> **Task directions**: Look through the data below for the line with "k :: complex)", and transcribe it exactly together with each line after it up to and including the line with "m + bessel_coeff (mu + 1) k". Give nothing else.

(Saved data entries)

(* Let $\nu$ be a fixed order, let $a<b$, and let $f,g\in C^{\infty}[a,b]$ with $g(x)\neq 0$ and $g'(x)\neq 0$ for all $x\in[a,b]$. For $\omega>0$ set $\mathcal{H}_{\nu}[f]=\int_a^b f(x)J_{\nu}(\omega g(x))\,dx$. Define $\sigma_0[f](x)=f(x)$ and, for $k\ge 1$, $$\sigma_k[f](x)=g(x)^{\nu+k}\frac{d}{dx}\left[\frac{\sigma_{k-1}[f](x)}{g(x)^{\nu+k}g'(x)}\right].$$ Then, as $\omega\to\infty$, $$\mathcal{H}_{\nu}[f]\sim-\sum_{k=1}^{\infty}\frac{1}{(-\omega)^k}\left\{\frac{\sigma_{k-1}[f](b)}{g'(b)}J_{\nu+k}(\omega g(b))-\frac{\sigma_{k-1}[f](a)}{g'(a)}J_{\nu+k}(\omega g(a))\right\}.$$
   Context: $J_\nu$ denotes the Bessel function of the first kind of order $\nu$. The symbol $\sim$ denotes an asymptotic expansion as $\omega\to\infty$. *)

theory Defs
  imports "HOL-Analysis.Analysis" "HOL-Library.Landau_Symbols"
begin

text \<open>Bessel function of the first kind of real order nu, at a complex argument,
  via its power series  J_nu(z) = (z/2)^nu * sum_m (-1)^m (z/2)^(2m) / (m! Gamma(m+nu+1)),
  with the principal branch of (z/2)^nu and 1/Gamma written as rGamma (entire).\<close>
definition besselJ :: "real \<Rightarrow> complex \<Rightarrow> complex" where
  "besselJ nu z = (z / 2) powr (complex_of_real nu) *
     (\<Sum>m. (-1) ^ m * (z / 2) ^ (2 * m) * rGamma (of_nat m + complex_of_real nu + 1) / fact m)"

definition smooth_on_interval :: "real \<Rightarrow> real \<Rightarrow> (real \<Rightarrow> real) \<Rightarrow> bool" where
  "smooth_on_interval a b f \<longleftrightarrow>
     (\<exists>D :: nat \<Rightarrow> real \<Rightarrow> real. (\<forall>x\<in>{a..b}. D 0 x = f x) \<and>
        (\<forall>n. \<forall>x\<in>{a..b}. (D n has_real_derivative D (Suc n) x) (at x within {a..b})))"

definition dI :: "real \<Rightarrow> real \<Rightarrow> (real \<Rightarrow> 'v::real_normed_vector) \<Rightarrow> real \<Rightarrow> 'v" where
  "dI a b h x = vector_derivative h (at x within {a..b})"

text \<open>The operators sigma_k[f]; powers g^(nu+k) use the principal complex branch.\<close>
fun sigma :: "real \<Rightarrow> real \<Rightarrow> real \<Rightarrow> (real \<Rightarrow> real) \<Rightarrow> (real \<Rightarrow> real) \<Rightarrow> nat \<Rightarrow> real \<Rightarrow> complex" where
  "sigma a b nu g f 0 x = complex_of_real (f x)"
| "sigma a b nu g f (Suc k) x =
     complex_of_real (g x) powr complex_of_real (nu + real (Suc k)) *
     dI a b (\<lambda>y. sigma a b nu g f k y /
                 (complex_of_real (g y) powr complex_of_real (nu + real (Suc k)) *
                  complex_of_real (dI a b g y))) x"

definition hankelI :: "real \<Rightarrow> real \<Rightarrow> real \<Rightarrow> (real \<Rightarrow> real) \<Rightarrow> (real \<Rightarrow> real) \<Rightarrow> real \<Rightarrow> complex" where
  "hankelI a b nu g f \<omega> =
     integral {a..b} (\<lambda>x. complex_of_real (f x) * besselJ nu (complex_of_real (\<omega> * g x)))"

text \<open>k-th term of the expansion (without the overall minus sign).\<close>
definition asym_term :: "real \<Rightarrow> real \<Rightarrow> real \<Rightarrow> (real \<Rightarrow> real) \<Rightarrow> (real \<Rightarrow> real) \<Rightarrow> nat \<Rightarrow> real \<Rightarrow> complex" where
  "asym_term a b nu g f k \<omega> =
     1 / complex_of_real ((- \<omega>) ^ k) *
     (sigma a b nu g f (k - 1) b / complex_of_real (dI a b g b) *
        besselJ (nu + real k) (complex_of_real (\<omega> * g b))
      - sigma a b nu g f (k - 1) a / complex_of_real (dI a b g a) *
        besselJ (nu + real k) (complex_of_real (\<omega> * g a)))"

end

theory Submission
  imports Defs
begin

text \<open>
  The identity d/dy (y^(mu+1) J_(mu+1)(y)) = y^(mu+1) J_mu(y) turns one integration by parts into
  H_mu[h] = (B_(mu+1)[h] - H_(mu+1)[sigma h]) / omega, where B collects the boundary values.
  Iterating N + 1 times expresses the error of the N-term expansion as omega^(-N-1) times
  such a boundary term plus such an integral. Both are O(omega^(-1/2)), because
  |J_mu(y)| = O(|y|^(-1/2)) and g is bounded away from zero on [a, b]; the decay of J_mu follows
  from an energy estimate for the first-order system satisfied by J_mu and J_(mu+1).
\<close>

section \<open>The Bessel power series\<close>

definition bessel_coeff :: "real \<Rightarrow> nat \<Rightarrow> complex" where
  "bessel_coeff mu m = (-1) ^ m * rGamma (of_nat m + complex_of_real mu + 1) / fact m"

definition bessel_series :: "real \<Rightarrow> complex \<Rightarrow> complex" where
  "bessel_series mu w = (\<Sum>m. bessel_coeff mu m * w ^ m)"

lemma besselJ_eq_bessel_series:
  "besselJ nu z = (z / 2) powr complex_of_real nu * bessel_series nu ((z / 2) ^ 2)"
proof -
  have "(z / 2) ^ (2 * m) = ((z / 2) ^ 2) ^ m" for m
    by (rule power_mult)
  then show ?thesis
    unfolding besselJ_def bessel_series_def bessel_coeff_def by (simp add: mult_ac)
qed

lemma bessel_coeff_Suc:
  "bessel_coeff mu (Suc n) * (of_nat n + complex_of_real mu + 1) = - bessel_coeff mu n / of_nat (Suc n)"
proof -
  have "(of_nat n + complex_of_real mu + 1) * rGamma (of_nat n + complex_of_real mu + 1 + 1)
      = rGamma (of_nat n + complex_of_real mu + 1)"
    by (rule rGamma_plus1)
  moreover have "of_nat (Suc n) + complex_of_real mu + 1 = of_nat n + complex_of_real mu + 1 + 1"
    by simp
  ultimately show ?thesis
    unfolding bessel_coeff_def by (simp add: field_simps)
qed

lemma summable_bessel_series: "summable (\<lambda>m. bessel_coeff mu m * w ^ m)"
proof (rule summable_ratio_test[of "1/2" "nat \<lceil>\<bar>mu\<bar> + 2 * norm w + 2\<rceil>"])
  fix n assume "nat \<lceil>\<bar>mu\<bar> + 2 * norm w + 2\<rceil> \<le> n"
  then have n: "real n \<ge> \<bar>mu\<bar> + 2 * norm w + 2"
    by linarith
  define z where "z = of_nat n + complex_of_real mu + 1"
  have "norm z = \<bar>real n + mu + 1\<bar>"
    unfolding z_def by (metis norm_of_real of_real_1 of_real_add of_real_of_nat_eq)
  moreover have "real n + mu + 1 \<ge> 1"
    using n norm_ge_zero[of w] abs_ge_minus_self[of mu] by linarith
  ultimately have z: "norm z = real n + mu + 1" "norm z \<ge> 1"
    by simp_all
  have "bessel_coeff mu (Suc n) * z = - bessel_coeff mu n / of_nat (Suc n)"
    using bessel_coeff_Suc z_def by simp
  then have "norm (bessel_coeff mu (Suc n)) * norm z = norm (bessel_coeff mu n) / real (Suc n)"
    by (metis norm_minus_cancel norm_divide norm_mult norm_of_nat)
  moreover have "norm z \<noteq> 0"
    using z by simp
  ultimately have c: "norm (bessel_coeff mu (Suc n)) = norm (bessel_coeff mu n) / (real (Suc n) * norm z)"
    by (simp add: field_simps del: of_nat_Suc)
  have "2 * norm w \<le> real (Suc n) * 1"
    using n by simp
  also have "\<dots> \<le> real (Suc n) * norm z"
    using z by (intro mult_left_mono) auto
  finally have "norm w / (real (Suc n) * norm z) \<le> 1/2"
    using z by (simp add: divide_le_eq)
  then have "norm (bessel_coeff mu n) * norm w ^ n * (norm w / (real (Suc n) * norm z))
      \<le> norm (bessel_coeff mu n) * norm w ^ n * (1/2)"
    by (intro mult_left_mono) auto
  then show "norm (bessel_coeff mu (Suc n) * w ^ Suc n) \<le> 1/2 * norm (bessel_coeff mu n * w ^ n)"
    by (simp add: c norm_mult norm_power field_simps)
qed simp

lemma diffs_bessel_coeff: "diffs (bessel_coeff mu) = (\<lambda>m. - bessel_coeff (mu + 1) m)"
proof
  fix m
  have "of_nat (Suc m) + complex_of_real mu + 1 = of_nat m + complex_of_real (mu + 1) + 1"
    by simp
  moreover have "(fact (Suc m) :: complex) = of_nat (Suc m) * fact m"
    by (rule fact_Suc)
  moreover have "(of_nat (Suc m) :: complex) \<noteq> 0"
    by (metis of_nat_eq_0_iff nat.distinct(1))
  ultimately show "diffs (bessel_coeff mu) m = - bessel_coeff (mu + 1) m"
    unfolding diffs_def bessel_coeff_def by (simp del: of_nat_Suc fact_Suc)
qed

lemma bessel_series_has_field_derivative:
  "(bessel_series mu has_field_derivative - bessel_series (mu + 1) w) (at w)"
proof -
  have "(bessel_series mu has_field_derivative (\<Sum>n. diffs (bessel_coeff mu) n * w ^ n)) (at w)"
    unfolding bessel_series_def
    by (rule termdiffs_strong_converges_everywhere[OF summable_bessel_series])
  moreover have "(\<Sum>n. diffs (bessel_coeff mu) n * w ^ n) = - bessel_series (mu + 1) w"
    unfolding diffs_bessel_coeff bessel_series_def
    using suminf_minus[OF summable_bessel_series[of "mu + 1" w]] by simp
  ultimately show ?thesis
    by simp
qed

lemma bessel_coeff_recurrence:
  "bessel_coeff (mu - 1) m + (if m = 0 then 0 else bessel_coeff (mu + 1) (m - 1))
     = complex_of_real mu * bessel_coeff mu m"
proof -
  have r: "(of_nat m + complex_of_real mu) * rGamma (of_nat m + complex_of_real mu + 1)
      = rGamma (of_nat m + complex_of_real mu)"
    using rGamma_plus1[of "of_nat m + complex_of_real mu"] by simp
  have a: "bessel_coeff (mu - 1) m = (-1) ^ m * rGamma (of_nat m + complex_of_real mu) / fact m"
    unfolding bessel_coeff_def by simp
  show ?thesis
  proof (cases m)
    case 0
    then show ?thesis
      using r unfolding a bessel_coeff_def by simp
  next
    case (Suc k)
    have b: "bessel_coeff (mu + 1) k = (-1) ^ k * rGamma (of_nat m + complex_of_real mu + 1) / fact k"
      unfolding bessel_coeff_def Suc by (simp add: add_ac)
    have f: "(fact m :: complex) = of_nat m * fact k"
      using Suc by (simp del: of_nat_Suc)
    have nz: "(of_nat m :: complex) \<noteq> 0" "(fact k :: complex) \<noteq> 0"
      using Suc by (metis of_nat_eq_0_iff nat.distinct(1)) simp
    have sgn: "(-1 :: complex) ^ m = - ((-1) ^ k)"
      using Suc by simp
    have "bessel_coeff (mu - 1) m + bessel_coeff (mu + 1) k
        = (-1) ^ m * (rGamma (of_nat m + complex_of_real mu)
            - of_nat m * rGamma (of_nat m + complex_of_real mu + 1)) / fact m"
      unfolding a b f sgn using nz by (simp add: field_simps)
    also have "\<dots> = complex_of_real mu * bessel_coeff mu m"
      unfolding bessel_coeff_def r[symmetric] by (simp add: field_simps)
    finally show ?thesis
      using Suc by simp
  qed
qed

> **Response**:
    have nz: "(of_nat m :: complex) \<noteq> 0" "(fact k :: complex) \<noteq> 0"
      using Suc by (metis of_nat_eq_0_iff nat.distinct(1)) simp
    have sgn: "(-1 :: complex) ^ m = - ((-1) ^ k)"
      using Suc by simp
    have "bessel_coeff (mu - 1) m + bessel_coeff (mu + 1) k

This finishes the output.